==== GIVEN RECORDS ====
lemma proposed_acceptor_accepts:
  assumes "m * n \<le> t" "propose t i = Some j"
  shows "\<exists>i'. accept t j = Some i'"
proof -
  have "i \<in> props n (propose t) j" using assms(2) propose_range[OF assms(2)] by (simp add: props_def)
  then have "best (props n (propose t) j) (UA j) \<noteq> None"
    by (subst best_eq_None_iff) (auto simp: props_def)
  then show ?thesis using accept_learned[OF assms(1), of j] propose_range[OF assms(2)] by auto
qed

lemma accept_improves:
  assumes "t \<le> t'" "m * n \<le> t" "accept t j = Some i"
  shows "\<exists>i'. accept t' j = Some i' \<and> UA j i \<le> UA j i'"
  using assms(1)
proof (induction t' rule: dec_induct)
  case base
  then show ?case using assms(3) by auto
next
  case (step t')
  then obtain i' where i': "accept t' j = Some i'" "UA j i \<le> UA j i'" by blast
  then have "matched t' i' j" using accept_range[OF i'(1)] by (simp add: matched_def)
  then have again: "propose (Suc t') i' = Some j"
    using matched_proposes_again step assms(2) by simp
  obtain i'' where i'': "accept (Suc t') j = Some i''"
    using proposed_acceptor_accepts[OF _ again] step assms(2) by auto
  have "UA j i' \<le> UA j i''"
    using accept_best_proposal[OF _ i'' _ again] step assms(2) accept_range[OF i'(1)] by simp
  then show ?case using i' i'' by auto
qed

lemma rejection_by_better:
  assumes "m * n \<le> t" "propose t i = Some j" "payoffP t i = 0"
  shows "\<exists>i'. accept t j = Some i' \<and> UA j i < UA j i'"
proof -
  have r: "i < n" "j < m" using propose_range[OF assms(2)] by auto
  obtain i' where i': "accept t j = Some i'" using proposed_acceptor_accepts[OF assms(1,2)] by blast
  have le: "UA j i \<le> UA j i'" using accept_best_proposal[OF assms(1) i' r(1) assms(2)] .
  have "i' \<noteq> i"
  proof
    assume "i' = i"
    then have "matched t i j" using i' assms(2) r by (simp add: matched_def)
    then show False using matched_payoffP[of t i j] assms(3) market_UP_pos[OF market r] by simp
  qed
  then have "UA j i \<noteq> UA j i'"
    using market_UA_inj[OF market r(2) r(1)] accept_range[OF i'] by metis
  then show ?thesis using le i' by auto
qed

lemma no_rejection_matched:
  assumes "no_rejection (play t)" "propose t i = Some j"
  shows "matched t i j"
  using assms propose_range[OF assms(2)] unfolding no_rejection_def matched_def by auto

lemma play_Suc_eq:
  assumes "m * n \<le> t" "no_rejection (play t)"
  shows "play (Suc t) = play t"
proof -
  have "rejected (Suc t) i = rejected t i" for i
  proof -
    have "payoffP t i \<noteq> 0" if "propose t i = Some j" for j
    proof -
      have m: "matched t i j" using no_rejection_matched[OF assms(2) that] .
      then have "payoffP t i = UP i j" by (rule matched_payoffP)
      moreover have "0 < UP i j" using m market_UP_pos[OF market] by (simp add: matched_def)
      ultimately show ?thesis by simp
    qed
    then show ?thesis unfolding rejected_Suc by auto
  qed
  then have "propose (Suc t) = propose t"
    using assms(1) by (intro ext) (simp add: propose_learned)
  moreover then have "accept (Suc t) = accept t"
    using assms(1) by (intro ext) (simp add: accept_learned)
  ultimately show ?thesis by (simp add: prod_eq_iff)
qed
====
WHAT IS BEING ASKED
Beginning with the first line of the listing above, please write out every line exactly until you reach the line that contains "obtain i'' where", and include that one too.

YOUR RESPONSE
lemma proposed_acceptor_accepts:
  assumes "m * n \<le> t" "propose t i = Some j"
  shows "\<exists>i'. accept t j = Some i'"
proof -
  have "i \<in> props n (propose t) j" using assms(2) propose_range[OF assms(2)] by (simp add: props_def)
  then have "best (props n (propose t) j) (UA j) \<noteq> None"
    by (subst best_eq_None_iff) (auto simp: props_def)
  then show ?thesis using accept_learned[OF assms(1), of j] propose_range[OF assms(2)] by auto
qed

lemma accept_improves:
  assumes "t \<le> t'" "m * n \<le> t" "accept t j = Some i"
  shows "\<exists>i'. accept t' j = Some i' \<and> UA j i \<le> UA j i'"
  using assms(1)
proof (induction t' rule: dec_induct)
  case base
  then show ?case using assms(3) by auto
next
  case (step t')
  then obtain i' where i': "accept t' j = Some i'" "UA j i \<le> UA j i'" by blast
  then have "matched t' i' j" using accept_range[OF i'(1)] by (simp add: matched_def)
  then have again: "propose (Suc t') i' = Some j"
    using matched_proposes_again step assms(2) by simp
  obtain i'' where i'': "accept (Suc t') j = Some i''"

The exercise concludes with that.